Teen Screen Time and Insomnia

As parents, we probably have asked a million times for our child to put away their devices at the dinner table, turn off their video games to be on time for school, or stop texting their friends. Before they go to bed? We could be reaching into the billions of reminders. Turns out, it’s not just a helicopter parent thing – there’s some solid research behind it.

A recent study from Pennsylvania State University (PSU) took a deep dive into how different types of screen activities affect teens’ sleep. It’s not just any screen time that’s causing trouble; it’s the “interactive” stuff – texting and video games – that seems to be the real sleep disruptor.

The researchers followed 475 adolescents, keeping an eye on their daytime screen habits, including texting, emailing, instant messaging, social media, video gaming, and more passive activities like TV and online video watching. They even utilized wristband accelerometers to track the kids’ movements throughout the day, distinguishing between active and sleep periods.

The result? For every extra hour teens spent playing video games beyond their usual amount, their bedtime got delayed by an average of 10 minutes. That might not sound like much, but it adds up over time.

Teens and Devices

On average, teens were spending about two hours a day communicating with friends through texts and messages. Video gaming took up around 1.3 hours, while passive TV and video watching clocked in at 1.7 hours daily. For that crucial hour before bedtime – 77% of teens were into “interactive” media (think texting and gaming), and 69% were watching TV or movies.

Further, for every hour your teen spends on interactive activities during the day, they fell asleep about 11 minutes later. But if these interactive activities happened in the hour before bed, they ended up hitting the hay 30 minutes later, on average.

Surprisingly, passively watching TV or online videos didn’t seem to mess with their sleep timing as much. So, it looks like it’s not about the screen itself but the kind of activities they’re doing.

With 71 percent of Americans sleeping with their phone in bed or on the nightstand, the blue light from the screens can emit unneeded light that prevents our brains from shutting down. But we should also not be confused with eliminating blue light. Light therapy treats seasonal affective disorder (SAD) and uses blue light.
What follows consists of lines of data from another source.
text \<open>Pick \<open>y \<in> F\<close> with \<open>y - x \<notin> F\<close>; then \<open>y\<close> occurs in no other constraint, so the event
  \<open>\<omega> y = \<omega> (y + x)\<close> costs a factor \<open>1 - \<delta>\<close> given all the others.\<close>
lemma prob_translate_agree_le:
  assumes "finite F" "x \<noteq> 0"
  shows "prob {\<omega>. \<forall>y\<in>F. \<omega> y = \<omega> (y + x)} \<le> (1 - \<delta>) ^ card F"
  using assms(1)
proof (induction "card F" arbitrary: F)
  case 0
  then show ?case
    using prob_le_1 by simp
next
  case (Suc k)
  obtain y where y: "y \<in> F" "y - x \<notin> F"
    using ex_mem_diff_notin[OF Suc.prems _ assms(2)] Suc.hyps(2) by fastforce
  define B where "B = {\<omega> :: 'a config. \<forall>z\<in>F - {y}. \<omega> z = \<omega> (z + x)}"
  have "depends_only_on (F \<union> (\<lambda>z. z + x) ` F) B"
    unfolding B_def depends_only_on_def by auto
  then have B_sets: "B \<in> sets Q"
    using Suc.prems by (intro local_event_in_sets) auto
  have "z \<noteq> y \<and> z + x \<noteq> y" if "z \<in> F - {y}" for z
    using that y(2) by (auto simp flip: eq_diff_eq)
  then have "depends_only_on (- {y}) B"
    unfolding B_def depends_only_on_def by auto
  then have "prob ({\<omega>. \<omega> y = \<omega> (y + x)} \<inter> B) \<le> (1 - \<delta>) * prob B"
    using B_sets assms(2) by (intro prob_site_agree_le) auto
  also have "\<dots> \<le> (1 - \<delta>) * (1 - \<delta>) ^ k"
  proof (rule mult_left_mono)
    have "card (F - {y}) = k"
      using Suc.hyps(2) Suc.prems y(1) by simp
    then show "prob B \<le> (1 - \<delta>) ^ k"
      using Suc.hyps(1)[of "F - {y}"] Suc.prems unfolding B_def by simp
  qed (use energy_le_half in simp)
  also have "\<dots> = (1 - \<delta>) ^ card F"
    by (simp flip: Suc.hyps(2))
  also have "{\<omega>. \<omega> y = \<omega> (y + x)} \<inter> B = {\<omega>. \<forall>z\<in>F. \<omega> z = \<omega> (z + x)}"
    using y(1) unfolding B_def by auto
  finally show ?case .
qed

end
(* For every nonzero integer $n$, $B_n<0.65\log|n|+2.24$. That is, if $S$ is any set of positive integers with the property $D(n)$, then the number of elements $x\in S$ with $n^2<x<|n|^3$ is less than $0.65\log|n|+2.24$.
   Context: Let $n$ be a nonzero integer. A set of positive integers $S$ has the property $D(n)$ if $xy+n$ is a perfect square for all distinct $x,y\in S$. Define $B_n=\sup\{|S\cap(n^2,|n|^3)| : S \text{ has the property } D(n)\}$. Here $\log$ is the natural logarithm. *)

theory Defs
  imports Complex_Main
begin

definition has_property_D :: "int \<Rightarrow> int set \<Rightarrow> bool" where
  "has_property_D n S \<longleftrightarrow> (\<forall>x\<in>S. x > 0) \<and>
     (\<forall>x\<in>S. \<forall>y\<in>S. x \<noteq> y \<longrightarrow> (\<exists>k::int. x * y + n = k ^ 2))"

end

(*
  Let a < b < c be elements of a D(n)-set with n^2 < a, and write ab + n = r^2, ac + n = s^2,
  bc + n = t^2 with r, s, t >= 0. The numbers X = (at - rs)^2 <= Y = (at + rs)^2 have
  X + Y and XY polynomial in a, b, c, n, with XY = n^2 (a(b + c - a) + n)^2, and X = ae + n^2
  for an integer e >= 0. For every z <= X we have z (X + Y - z) <= XY. Taking z = n^2 gives
  (b + c - a)^2 >= 4(bc + n), whence c > 4a. If the triple is not regular then e >= 1, and
  z = a + n^2 gives c > 5b as soon as |n| >= 5.

  A regular triple is determined by its two largest elements. So if x_0 < x_1 < ... < x_(m-1)
  are the elements of S in (n^2, |n|^3), then x_2 > 4 x_0 and x_k > 5 x_(k-1) for k >= 3,
  hence |n|^3 > 4 * 5^(m-3) n^2, i.e. m < 3 + log_5 (|n| / 4) < 0.65 log |n| + 2.24.
*)

theory Submission
  imports Defs
begin
lemma center_vel_step:
  assumes "symmetric_weights N W"
  shows "center N (vel_step N W \<gamma>1 \<gamma>2 p v) = vel_step N W \<gamma>1 \<gamma>2 (center N p) (center N v)"
proof (rule ext)
  fix i
  have "(\<Sum>j<N. vel_step N W \<gamma>1 \<gamma>2 p v j) = (\<Sum>j<N. v j)"
    using lap_sum_zero[OF assms, of p] lap_sum_zero[OF assms, of v]
    by (simp add: vel_step_def sum_subtractf sum.distrib sum_distrib_left[symmetric])
  note sum_eq = this
  show "center N (vel_step N W \<gamma>1 \<gamma>2 p v) i = vel_step N W \<gamma>1 \<gamma>2 (center N p) (center N v) i"
  proof (cases "i < N")
    case True
    thus ?thesis using sum_eq unfolding vel_step_def lap_center by (simp add: center_def)
  next
    case False
    thus ?thesis by (simp add: center_def vel_step_def lap_def)
  qed
qed

lemma tendsto_zero_of_square_le_geometric:
  fixes f :: "nat \<Rightarrow> real"
  assumes bound: "\<And>k. (f k)\<^sup>2 \<le> C * \<rho> ^ k" and "0 \<le> \<rho>" "\<rho> < 1"
  shows "f \<longlonglongrightarrow> 0"
proof (rule Lim_null_comparison)
  show "\<forall>\<^sub>F k in sequentially. norm (f k) \<le> sqrt (C * \<rho> ^ k)"
    using bound by (intro always_eventually allI) (metis real_norm_def real_sqrt_abs real_sqrt_le_mono)
  have "(\<lambda>k. C * \<rho> ^ k) \<longlonglongrightarrow> C * 0"
    by (intro tendsto_mult tendsto_const LIMSEQ_power_zero) (use assms in auto)
  thus "(\<lambda>k. sqrt (C * \<rho> ^ k)) \<longlonglongrightarrow> 0" using tendsto_real_sqrt by fastforce
qed

lemma consensus_of_lyapunov_contraction:
  assumes "N > 0" and \<rho>: "0 \<le> \<rho>" "\<rho> < 1" and "\<epsilon> > 0"
    and contraction: "\<forall>W W' p v. spectral_bounds N c \<Lambda> W \<longrightarrow> (\<forall>i<N. \<forall>j<N. \<bar>W' i j - W i j\<bar> \<le> d) \<longrightarrow>
       (\<Sum>i<N. p i) = 0 \<longrightarrow> (\<Sum>i<N. v i) = 0 \<longrightarrow>
       lyapunov N W' \<gamma>1 \<kappa> \<sigma> (\<lambda>i. p i + v i) (vel_step N W \<gamma>1 \<gamma>2 p v) \<le> \<rho> * lyapunov N W \<gamma>1 \<kappa> \<sigma> p v"
    and lower: "\<forall>W p v. spectral_bounds N c \<Lambda> W \<longrightarrow> (\<Sum>i<N. p i) = 0 \<longrightarrow>
       \<epsilon> * (dot N p p + dot N v v) \<le> lyapunov N W \<gamma>1 \<kappa> \<sigma> p v"
    and W: "\<forall>k. spectral_bounds N c \<Lambda> (W k)"
    and W_close: "\<forall>k. \<forall>i<N. \<forall>j<N. \<bar>W (Suc k) i j - W k i j\<bar> \<le> d"
    and step: "\<forall>k. \<forall>i<N. p (Suc k) i = p k i + v k i \<and> v (Suc k) i = vel_step N (W k) \<gamma>1 \<gamma>2 (p k) (v k) i"
  shows "\<forall>i<N. \<forall>j<N. (\<lambda>k. p k i - p k j) \<longlonglongrightarrow> 0 \<and> (\<lambda>k. v k i - v k j) \<longlonglongrightarrow> 0"
proof -
  have W': "spectral_bounds N c \<Lambda> (W k)" for k using W by blast
  define e where "e = (\<lambda>k. center N (p k))"
  define f where "f = (\<lambda>k. center N (v k))"
  define V where "V = (\<lambda>k. lyapunov N (W k) \<gamma>1 \<kappa> \<sigma> (e k) (f k))"
  have e_step: "e (Suc k) = (\<lambda>i. e k i + f k i)" for k
    unfolding e_def f_def using step by (simp add: center_cong[of N "p (Suc k)"] center_add)
  have f_step: "f (Suc k) = vel_step N (W k) \<gamma>1 \<gamma>2 (e k) (f k)" for k
    unfolding e_def f_def using step
    by (simp add: center_cong[of N "v (Suc k)"] center_vel_step[OF spectral_boundsD(1)[OF W']])
  have "V (Suc k) \<le> \<rho> * V k" for k
    using contraction[rule_format, OF W' W_close[rule_format] sum_center[OF \<open>N > 0\<close>] sum_center[OF \<open>N > 0\<close>]]
    unfolding V_def e_step f_step unfolding e_def f_def .
  hence V_decay: "V k \<le> \<rho> ^ k * V 0" for k
    by (induction k) (auto intro: order_trans mult_left_mono[OF _ \<rho>(1)] simp: mult.assoc)
  have e_f_decay: "dot N (e k) (e k) \<le> V 0 / \<epsilon> * \<rho> ^ k" "dot N (f k) (f k) \<le> V 0 / \<epsilon> * \<rho> ^ k" for k
  proof -
    have "\<epsilon> * (dot N (e k) (e k) + dot N (f k) (f k)) \<le> V k"
      using lower[rule_format, OF W'[of k] sum_center[OF \<open>N > 0\<close>, of "p k"], of "center N (v k)"]
      unfolding V_def e_def f_def .
    hence "\<epsilon> * dot N (e k) (e k) + \<epsilon> * dot N (f k) (f k) \<le> \<rho> ^ k * V 0"
      using V_decay[of k] by (simp add: distrib_left)
    moreover have "0 \<le> \<epsilon> * dot N (e k) (e k)" "0 \<le> \<epsilon> * dot N (f k) (f k)"
      using \<open>\<epsilon> > 0\<close> by (simp_all add: dot_self_nonneg)
    ultimately have "\<epsilon> * dot N (e k) (e k) \<le> \<rho> ^ k * V 0" "\<epsilon> * dot N (f k) (f k) \<le> \<rho> ^ k * V 0"
      by linarith+
    thus "dot N (e k) (e k) \<le> V 0 / \<epsilon> * \<rho> ^ k" "dot N (f k) (f k) \<le> V 0 / \<epsilon> * \<rho> ^ k"
      using \<open>\<epsilon> > 0\<close> by (simp_all add: field_simps)
  qed
  show ?thesis
  proof (intro allI impI conjI)
    fix i j assume ij: "i < N" "j < N"
    have e_sq: "(e k i - e k j)\<^sup>2 \<le> 4 * V 0 / \<epsilon> * \<rho> ^ k"
      and f_sq: "(f k i - f k j)\<^sup>2 \<le> 4 * V 0 / \<epsilon> * \<rho> ^ k" for k
      using diff_square_le_dot_self[OF ij, of "e k"] diff_square_le_dot_self[OF ij, of "f k"] e_f_decay[of k]
      by simp_all
    have "(\<lambda>k. e k i - e k j) \<longlonglongrightarrow> 0" "(\<lambda>k. f k i - f k j) \<longlonglongrightarrow> 0"
      using tendsto_zero_of_square_le_geometric[OF e_sq \<rho>] tendsto_zero_of_square_le_geometric[OF f_sq \<rho>] .
    moreover have "p k i - p k j = e k i - e k j" "v k i - v k j = f k i - f k j" for k
      unfolding e_def f_def using center_diff[OF ij] by simp_all
    ultimately show "(\<lambda>k. p k i - p k j) \<longlonglongrightarrow> 0" "(\<lambda>k. v k i - v k j) \<longlonglongrightarrow> 0" by simp_all
  qed
qed
lemma has_field_derivative_resolvent_term:
  assumes g: "g holomorphic_on ball 0 1" and x: "x \<in> ball 0 1"
  shows "((\<lambda>z. \<nu> * resolvent_term n g ((\<phi> ^^ n) z))
    has_field_derivative resolvent_term (Suc n) g ((\<phi> ^^ n) x)) (at x)"
proof -
  have "(deriv^^n) g holomorphic_on ball 0 1" by (rule holomorphic_higher_deriv[OF g]) simp
  hence "((deriv^^n) g has_field_derivative (deriv^^Suc n) g ((\<phi> ^^ n) x)) (at ((\<phi> ^^ n) x))"
    using holomorphic_derivI[OF _ open_ball affine_iter_in_ball[OF ab x]] by simp
  from DERIV_chain2[OF this has_field_derivative_affine_iter]
  have "((\<lambda>z. (deriv^^n) g ((\<phi> ^^ n) z)) has_field_derivative
      (deriv^^Suc n) g ((\<phi> ^^ n) x) * a ^ n) (at x)" .
  from DERIV_cmult[OF this, of "\<nu> * \<nu> ^ n * iter_coef a n"] show ?thesis
    unfolding resolvent_term_def iter_coef_Suc by (simp add: mult_ac)
qed

lemma norm_a_less_1: "norm a < 1"
  using ab norm_ge_zero[of b] by linarith
(* Assume $V=L$. Let $\zeta,\eta\in\Xi$ with $\eta\subseteq\zeta$, let $X,Y\in\mathrm{IPS}_\zeta$ with $X\restriction\eta=Y\restriction\eta$, and let $i\in\zeta\setminus\eta$. Then there exist $k<\omega$ and sets $X',Y'\in\mathrm{IPS}_\zeta$ with $X'\subseteq X$, $Y'\subseteq Y$, $X'$ clopen in $X$, $Y'$ clopen in $Y$, such that $X'\restriction\eta=Y'\restriction\eta$, and either $x(i)(k)=0$ and $y(i)(k)=1$ for all $x\in X'$, $y\in Y'$, or $x(i)(k)=1$ and $y(i)(k)=0$ for all $x\in X'$, $y\in Y'$.
   Context: $T$ is the set of all nonempty finite sequences of countable ordinals, ordered by strict extension $\subset$. $\Xi$ is the set of all at most countable $\xi\subseteq T$ closed downward under $\subset$. $D=2^\omega$; $D^\xi$ is the product of $\xi$ copies of $D$ with the product topology. For $\eta\subseteq\xi$, $x\in D^\xi$: $x\restriction\eta$ is the restriction, and $X\restriction\eta=\{x\restriction\eta:x\in X\}$. For $\zeta\in\Xi$, $\mathrm{IPS}_\zeta$ is the set of all $X\subseteq D^\zeta$ for which there is a homeomorphism $H$ of $D^\zeta$ onto $X$ such that for all $x_0,x_1\in D^\zeta$ and all $\xi\in\Xi$, $\xi\subseteq\zeta$: $x_0\restriction\xi=x_1\restriction\xi\iff H(x_0)\restriction\xi=H(x_1)\restriction\xi$. *)

theory Defs
  imports "HOL-Analysis.Analysis"
begin
(* Let $g$ be a smooth function of one variable and consider, on the loop space of smooth maps $u:S^1\to\mathbb{R}$, the Poisson bivectors of hydrodynamic type $\omega_1=\delta'(x-y)$ and $\omega_2=g(u)\delta'(x-y)+\frac12 g'(u)u_x\delta(x-y)$. If the pencil $\omega_2-\lambda\omega_1$ is exact, i.e. there exists a local evolutionary vector field $X$ with $\mathrm{Lie}_X\omega_1=0$ and $\mathrm{Lie}_X\omega_2=\omega_1$, then there are constants $a,b$ such that $g(u)=au+b$, i.e. the pencil has the form $$(au+b)\delta'(x-y)+\frac12 a u_x\delta(x-y)-\lambda\delta'(x-y).$$
   Context: Scalar case ($u$ a single function, periodic in $x$). A local evolutionary vector field is $X=\sum_{s\ge0}\partial_x^s\xi\,\frac{\partial}{\partial u_{(s)}}$ with $\xi$ a differential polynomial in $u$. The Lie derivative of a local bivector with respect to $X$ is the Schouten bracket with $X$ (for $\omega_1=\delta'$ and $X$ with characteristic $\xi$, $\mathrm{Lie}_X\omega_1$ is the operator $-\xi_*\circ\partial_x-\partial_x\circ\xi_*^\dagger$, where $\xi_*=\sum_k\frac{\partial\xi}{\partial u_{(k)}}\partial_x^k$ is the Fréchet derivative and $\dagger$ the formal adjoint, with an operator $\sum_t a_t\partial_x^t$ identified with the bivector $\sum_t a_t\delta^{(t)}(x-y)$). Exactness of a pencil $\omega_2-\lambda\omega_1$: there is a vector field $X$ with $\mathrm{Lie}_X\omega_2=\omega_1\neq0$ and $\mathrm{Lie}_X\omega_1=0$. *)

theory Defs
  imports "HOL-Analysis.Analysis"
begin

definition smooth :: "(real \<Rightarrow> real) \<Rightarrow> bool" where
  "smooth f \<longleftrightarrow> (\<forall>n x. ((deriv ^^ n) f) differentiable (at x))"

text \<open>Smooth loops S^1 -> R, with S^1 = R/Z (period 1).\<close>
definition loop :: "(real \<Rightarrow> real) \<Rightarrow> bool" where
  "loop u \<longleftrightarrow> smooth u \<and> (\<forall>x. u (x + 1) = u x)"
So, what’s the takeaway? If you’re looking to help your teens catch those Zs, encourage them to wind down with less interactive screen time before bedtime. Aside from the active screen time, it is important to remember that anxiety from drama at school with friends or classes could be the reason they are online in the first place.

Anxiety and Teens

With 8 to 10 hours of sleep needed for a teen, studies show an average of 6.9 hours of sleep by the time they enter senior year: a 1.5-hour decrease from sixth grade. This segment of the population equates to 69 percent of American teens sleeping less than 7 hours of sleep per night.

While the teen brain is in a stage of rapid development, a good night’s rest is critical. As children switch to their teenage years, studies have found a new phenomenon: sleep-phase delay. A teen’s circadian rhythm shifts to a later time causing their internal biological clock to delay. On average, the delay affects falling asleep two hours later than as a child.

Arising in ages 14 to 16, anxiety and depression are commonly linked to insomnia resulting in possible suicidal thoughts, suicide attempts, and substance abuse disorders. A published article in Sleep Medicine studied whether insomnia is related directly to depression, anxiety, and subtypes of each. Generalized anxiety disorder (GAD) along with panic disorder, OCD, separation anxiety, and social phobia were associated with teen night owls.

Maybe suggest a good book or some soothing music instead of those intense video games. It’s all about creating a bedtime routine that sets the stage for a good night’s sleep. Curating a comfortable sleep environment contributes significantly to fostering restful sleep. A cool, dark room with a comfortable mattress and pillows forms the backdrop for an environment conducive to quality rest.

If you have never worked to determine why your teen is tired during the day, consider contacting The Alaska Sleep Clinic for a free 10-minute phone call. Our sleep educators can help determine if a sleep study is necessary or if a consultation with our sleep specialist needs to be scheduled.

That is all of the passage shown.